- _Given entries_:
■ ■ ■ ■ ■

(* Let $\nu(x)=\sum_{k=0}^\infty\nu_kL_k(x)$ on $I=(-1,1)$, and for $m,n\ge2$ let $a^{(1)}_{m,n}:=\int_{-1}^1\nu(x)\,D\eta_m(x)\,D\eta_n(x)\,dx$. If there exist $\eta>0$ and a constant $C_\eta>0$ depending only on $\eta$ such that $|\nu_k|\le C_\eta e^{-\eta k}$ for all $k\ge0$, then $$|a^{(1)}_{m,n}|\le C e^{-\eta|n-m|}\qquad\forall\, n,m\ge2,$$ where $C$ is a constant depending only on $\eta$.
   Context: $I=(-1,1)$, $D=d/dx$. $L_k$ denotes the Legendre polynomial of degree $k$ normalized by $L_k(1)=1$, so $\int_I L_kL_m\,dx=\frac{2}{2k+1}\delta_{km}$. The Babuška–Shen basis is $\eta_k(x)=\sqrt{k-1/2}\int_x^1L_{k-1}(s)\,ds=\frac{1}{\sqrt{4k-2}}(L_{k-2}(x)-L_k(x))$, $k\ge2$; it satisfies $D\eta_k=-\sqrt{k-1/2}\,L_{k-1}$. *)

theory Defs
  imports "HOL-Analysis.Analysis"
begin

fun legendre :: "nat \<Rightarrow> real \<Rightarrow> real" where
  "legendre 0 x = 1"
| "legendre (Suc 0) x = x"
| "legendre (Suc (Suc k)) x =
     ((2 * real k + 3) * x * legendre (Suc k) x - (real k + 1) * legendre k x) / (real k + 2)"

definition bs_eta :: "nat \<Rightarrow> real \<Rightarrow> real" where
  "bs_eta k x = (legendre (k - 2) x - legendre k x) / sqrt (4 * real k - 2)"

definition legendre_series :: "(nat \<Rightarrow> real) \<Rightarrow> real \<Rightarrow> real" where
  "legendre_series c x = (\<Sum>k. c k * legendre k x)"

definition a1 :: "(nat \<Rightarrow> real) \<Rightarrow> nat \<Rightarrow> nat \<Rightarrow> real" where
  "a1 c m n = integral {-1..1}
     (\<lambda>x. legendre_series c x * deriv (bs_eta m) x * deriv (bs_eta n) x)"

end

theory Submission
  imports Defs
begin

text \<open>Differentiating the Babuska--Shen basis gives \<open>D eta_m = -sqrt(m - 1/2) L_(m-1)\<close>, so
  \<open>a1 c m n\<close> is the integral of \<open>nu phi_(m-1) phi_(n-1)\<close> against the \<open>L\<^sup>2\<close>-normalised
  Legendre polynomials \<open>phi_i = sqrt(i + 1/2) L_i\<close>. By the three-term recurrence \<open>L_i L_k\<close> is a
  combination of the \<open>L_l\<close> with \<open>l \<le> i + k\<close>, hence every mode \<open>L_k\<close> of \<open>nu\<close> with
  \<open>k < |m - n|\<close> integrates to zero against \<open>L_(m-1) L_(n-1)\<close>. The rest of \<open>nu\<close> is bounded on
  \<open>[-1, 1]\<close> by the geometric tail \<open>C e^(-eta |m - n|) / (1 - e^(-eta))\<close> because \<open>|L_k| \<le> 1\<close>
  there, and \<open>|phi_i phi_j| \<le> (phi_i\<^sup>2 + phi_j\<^sup>2) / 2\<close> has integral \<open>1\<close>.\<close>

fun legendre' :: "nat \<Rightarrow> real \<Rightarrow> real" where
  "legendre' 0 x = 0"
| "legendre' (Suc 0) x = 1"
| "legendre' (Suc (Suc k)) x =
     ((2 * real k + 3) * (legendre (Suc k) x + x * legendre' (Suc k) x)
       - (real k + 1) * legendre' k x) / (real k + 2)"

fun legendre'' :: "nat \<Rightarrow> real \<Rightarrow> real" where
  "legendre'' 0 x = 0"
| "legendre'' (Suc 0) x = 0"
| "legendre'' (Suc (Suc k)) x =
     ((2 * real k + 3) * (2 * legendre' (Suc k) x + x * legendre'' (Suc k) x)
       - (real k + 1) * legendre'' k x) / (real k + 2)"

lemma legendre_recurrence:
  "(real k + 1) * legendre (Suc k) x = (2 * real k + 1) * x * legendre k x - real k * legendre (k - 1) x"
  by (cases k) (simp_all add: field_simps)

lemma legendre'_recurrence:
  "(real k + 1) * legendre' (Suc k) x
     = (2 * real k + 1) * (legendre k x + x * legendre' k x) - real k * legendre' (k - 1) x"
  by (cases k) (simp_all add: field_simps)

lemma has_real_derivative_legendre: "(legendre k has_real_derivative legendre' k x) (at x)"
proof (induction k x rule: legendre.induct)
  case (3 k x)
  have eq: "legendre (Suc (Suc k))
      = (\<lambda>y. ((2 * real k + 3) * y * legendre (Suc k) y - (real k + 1) * legendre k y) / (real k + 2))"
    by (rule ext) simp
  show ?case
    unfolding eq by (rule derivative_eq_intros 3 refl | simp)+ (simp add: field_simps)
qed simp_all

lemma has_real_derivative_legendre': "(legendre' k has_real_derivative legendre'' k x) (at x)"
proof (induction k x rule: legendre.induct)
  case (3 k x)
  have eq: "legendre' (Suc (Suc k))
      = (\<lambda>y. ((2 * real k + 3) * (legendre (Suc k) y + y * legendre' (Suc k) y)
               - (real k + 1) * legendre' k y) / (real k + 2))"
    by (rule ext) simp
  show ?case
    unfolding eq by (rule derivative_eq_intros 3 has_real_derivative_legendre refl | simp)+
qed simp_all

lemma continuous_on_legendre [continuous_intros]:
  "continuous_on S f \<Longrightarrow> continuous_on S (\<lambda>x. legendre k (f x))"
  by (rule continuous_on_compose2[of UNIV "legendre k"])
     (auto intro!: continuous_at_imp_continuous_on DERIV_isCont has_real_derivative_legendre)

lemma legendre_one [simp]: "legendre k 1 = 1"
  by (induction k "1::real" rule: legendre.induct) (simp_all add: field_simps)

lemma legendre_minus: "legendre k (- x) = (-1) ^ k * legendre k x"
  by (induction k x rule: legendre.induct) (simp_all add: field_simps)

■ ■ ■ ■ ■

- _About this exercise_:
Search the data for "against" and list every line in which it occurs.

- _Expected answer_:
  \<open>a1 c m n\<close> is the integral of \<open>nu phi_(m-1) phi_(n-1)\<close> against the \<open>L\<^sup>2\<close>-normalised
  \<open>k < |m - n|\<close> integrates to zero against \<open>L_(m-1) L_(n-1)\<close>. The rest of \<open>nu\<close> is bounded on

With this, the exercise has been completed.